#### EXERCISE PROMPT:
The data must be given again in full, with no line altered.

#### Dataset entries:
(* Consider the incentivized RL problem and the Hidden Hallucination algorithm described in the context, with a reward-independent prior $\mathbf{p}$ supported on deterministic MDPs. Assume that $r_{\min}>0$ and $\mathcal{C}:=f_{\min}(\varepsilon_{\mathrm{pun}})>0$, where $\varepsilon_{\mathrm{pun}}=r_{\min}/(2H)$. Run the algorithm with $n_{\mathrm{lrn}}=1$, punishment parameter $\varepsilon_{\mathrm{pun}}$, and $N_{\mathrm{ph}}=\lceil 6H\,r_{\min}^{-1}\mathcal{C}^{-SAH}\rceil$. Then the algorithm visits all reachable triples $(x,a,h)$ almost surely within $K=\mathcal{C}^{-SAH}\cdot O(SAH^2 r_{\min}^{-1})$ episodes. Moreover, the algorithm visits a new $(x,a,h)$ triple in every phase, until all reachable triples are visited.
   Context: MDPs. Fix positive integers $S,A,H$ (states $[S]$, actions $[A]$, stages $[H]$). An MDP model $\mu$ specifies for each triple $(x,a,h)$ a reward distribution $R_\mu(x,a,h)$ on $[0,1]$ (all supported on a common countable set) with mean $r_\mu(x,a,h)$, a transition distribution $p_\mu(\cdot\mid x,a,h)$ on $[S]$ and an initial distribution $p_\mu(\cdot\mid0)$. In an episode $x_1\sim p_\mu(\cdot\mid0)$; at stage $h$ the agent observes $x_h$, picks $a_h$, receives $r_h\sim R_\mu(x_h,a_h,h)$ and moves to $x_{h+1}\sim p_\mu(\cdot\mid x_h,a_h,h)$. A model is deterministic if all these distributions are point masses. $\Pi_{\mathrm{mkv}}$ is the set of deterministic Markov policies $\pi:[S]\times[H]\to[A]$; $V(\pi,\mu)$ is the expected total reward of $\pi$ in $\mu$. A triple $(x,a,h)$ is visited in an episode if $(x_h,a_h)=(x,a)$; for a deterministic true model $\mu_\star$, $(x,a,h)$ is reachable if some $\pi\in\Pi_{\mathrm{mkv}}$ yields $(x_h,a_h)=(x,a)$. Incentivized RL. A prior $\mathbf{p}$ over models is known to all; $\mu_\star\sim\mathbf{p}$ is unknown. In each episode $k$: the principal chooses a signal $\sigma_k$ via a known algorithm from past trajectories; agent $k$ chooses $\pi_k\in\arg\max_{\pi\in\Pi_{\mathrm{mkv}}}\mathbb{E}[V(\pi,\mu_\star)\mid\sigma_k]$ (fixed known tie-breaking; expectation over all randomness); $\pi_k$ is executed in $\mu_\star$ and the principal observes the trajectory $\tau_k=(x_{k;h},a_{k;h},r_{k;h},h)_h$. Prior parameters. The prior is reward-independent if the mean rewards $r_{\mu_\star}(x,a,h)$ are mutually independent across triples and independent of the transition/initial probabilities. $f_{\min}(\epsilon):=\min_{x,a,h}\Pr_{\mu_\star\sim\mathbf{p}}[r_{\mu_\star}(x,a,h)\le\epsilon]$, $r_{\min}:=\min_{x,a,h}\mathbb{E}_{\mu_\star\sim\mathbf{p}}[r_{\mu_\star}(x,a,h)]$. Algorithm (Hidden Hallucination for MDPs), inputs $N_{\mathrm{ph}},n_{\mathrm{lrn}},\varepsilon_{\mathrm{pun}}$. Phase $\ell$ consists of episodes $(\ell-1)N_{\mathrm{ph}}+1,\dots,\ell N_{\mathrm{ph}}$, and a hallucination episode $k_\ell$ is drawn uniformly from it. A triple is fully explored at phase $\ell$ if visited in at least $n_{\mathrm{lrn}}$ of the episodes $k_1,\dots,k_{\ell-1}$, under-explored otherwise. Raw ledger at phase $\ell$: the pairs $(\pi_{k_j},\tau_{k_j})$, $j<\ell$; censored ledger $\lambda_{\mathrm{cens},\ell}$: all rewards removed; honest ledger $\lambda_{\mathrm{hon},\ell}$: rewards kept only at fully explored triples. Punish event $\mathcal{E}_{\mathrm{pun},\ell}=\{r_{\mu_\star}(x,a,h)\le\varepsilon_{\mathrm{pun}}$ for all fully explored $(x,a,h)\}$. At $k=k_\ell$, draw $\mu_{\mathrm{hal},\ell}$ from the posterior of $\mu_\star$ given $\lambda_{\mathrm{cens},\ell}$ and $\mathcal{E}_{\mathrm{pun},\ell}$, and form the hallucinated ledger $\lambda_{\mathrm{hal},\ell}$: rewards removed at under-explored triples, each occurrence of a fully explored triple $(x,a,h)$ given an independent reward drawn from $R_{\mu_{\mathrm{hal},\ell}}(x,a,h)$. The signal is $\lambda_{\mathrm{hal},\ell}$ at $k=k_\ell$ and $\lambda_{\mathrm{hon},\ell}$ at other episodes of phase $\ell$. *)

theory Defs
  imports "HOL-Probability.Probability"
begin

#### THE COMPLETED TASK:
(* Consider the incentivized RL problem and the Hidden Hallucination algorithm described in the context, with a reward-independent prior $\mathbf{p}$ supported on deterministic MDPs. Assume that $r_{\min}>0$ and $\mathcal{C}:=f_{\min}(\varepsilon_{\mathrm{pun}})>0$, where $\varepsilon_{\mathrm{pun}}=r_{\min}/(2H)$. Run the algorithm with $n_{\mathrm{lrn}}=1$, punishment parameter $\varepsilon_{\mathrm{pun}}$, and $N_{\mathrm{ph}}=\lceil 6H\,r_{\min}^{-1}\mathcal{C}^{-SAH}\rceil$. Then the algorithm visits all reachable triples $(x,a,h)$ almost surely within $K=\mathcal{C}^{-SAH}\cdot O(SAH^2 r_{\min}^{-1})$ episodes. Moreover, the algorithm visits a new $(x,a,h)$ triple in every phase, until all reachable triples are visited.
   Context: MDPs. Fix positive integers $S,A,H$ (states $[S]$, actions $[A]$, stages $[H]$). An MDP model $\mu$ specifies for each triple $(x,a,h)$ a reward distribution $R_\mu(x,a,h)$ on $[0,1]$ (all supported on a common countable set) with mean $r_\mu(x,a,h)$, a transition distribution $p_\mu(\cdot\mid x,a,h)$ on $[S]$ and an initial distribution $p_\mu(\cdot\mid0)$. In an episode $x_1\sim p_\mu(\cdot\mid0)$; at stage $h$ the agent observes $x_h$, picks $a_h$, receives $r_h\sim R_\mu(x_h,a_h,h)$ and moves to $x_{h+1}\sim p_\mu(\cdot\mid x_h,a_h,h)$. A model is deterministic if all these distributions are point masses. $\Pi_{\mathrm{mkv}}$ is the set of deterministic Markov policies $\pi:[S]\times[H]\to[A]$; $V(\pi,\mu)$ is the expected total reward of $\pi$ in $\mu$. A triple $(x,a,h)$ is visited in an episode if $(x_h,a_h)=(x,a)$; for a deterministic true model $\mu_\star$, $(x,a,h)$ is reachable if some $\pi\in\Pi_{\mathrm{mkv}}$ yields $(x_h,a_h)=(x,a)$. Incentivized RL. A prior $\mathbf{p}$ over models is known to all; $\mu_\star\sim\mathbf{p}$ is unknown. In each episode $k$: the principal chooses a signal $\sigma_k$ via a known algorithm from past trajectories; agent $k$ chooses $\pi_k\in\arg\max_{\pi\in\Pi_{\mathrm{mkv}}}\mathbb{E}[V(\pi,\mu_\star)\mid\sigma_k]$ (fixed known tie-breaking; expectation over all randomness); $\pi_k$ is executed in $\mu_\star$ and the principal observes the trajectory $\tau_k=(x_{k;h},a_{k;h},r_{k;h},h)_h$. Prior parameters. The prior is reward-independent if the mean rewards $r_{\mu_\star}(x,a,h)$ are mutually independent across triples and independent of the transition/initial probabilities. $f_{\min}(\epsilon):=\min_{x,a,h}\Pr_{\mu_\star\sim\mathbf{p}}[r_{\mu_\star}(x,a,h)\le\epsilon]$, $r_{\min}:=\min_{x,a,h}\mathbb{E}_{\mu_\star\sim\mathbf{p}}[r_{\mu_\star}(x,a,h)]$. Algorithm (Hidden Hallucination for MDPs), inputs $N_{\mathrm{ph}},n_{\mathrm{lrn}},\varepsilon_{\mathrm{pun}}$. Phase $\ell$ consists of episodes $(\ell-1)N_{\mathrm{ph}}+1,\dots,\ell N_{\mathrm{ph}}$, and a hallucination episode $k_\ell$ is drawn uniformly from it. A triple is fully explored at phase $\ell$ if visited in at least $n_{\mathrm{lrn}}$ of the episodes $k_1,\dots,k_{\ell-1}$, under-explored otherwise. Raw ledger at phase $\ell$: the pairs $(\pi_{k_j},\tau_{k_j})$, $j<\ell$; censored ledger $\lambda_{\mathrm{cens},\ell}$: all rewards removed; honest ledger $\lambda_{\mathrm{hon},\ell}$: rewards kept only at fully explored triples. Punish event $\mathcal{E}_{\mathrm{pun},\ell}=\{r_{\mu_\star}(x,a,h)\le\varepsilon_{\mathrm{pun}}$ for all fully explored $(x,a,h)\}$. At $k=k_\ell$, draw $\mu_{\mathrm{hal},\ell}$ from the posterior of $\mu_\star$ given $\lambda_{\mathrm{cens},\ell}$ and $\mathcal{E}_{\mathrm{pun},\ell}$, and form the hallucinated ledger $\lambda_{\mathrm{hal},\ell}$: rewards removed at under-explored triples, each occurrence of a fully explored triple $(x,a,h)$ given an independent reward drawn from $R_{\mu_{\mathrm{hal},\ell}}(x,a,h)$. The signal is $\lambda_{\mathrm{hal},\ell}$ at $k=k_\ell$ and $\lambda_{\mathrm{hon},\ell}$ at other episodes of phase $\ell$. *)

theory Defs
  imports "HOL-Probability.Probability"
begin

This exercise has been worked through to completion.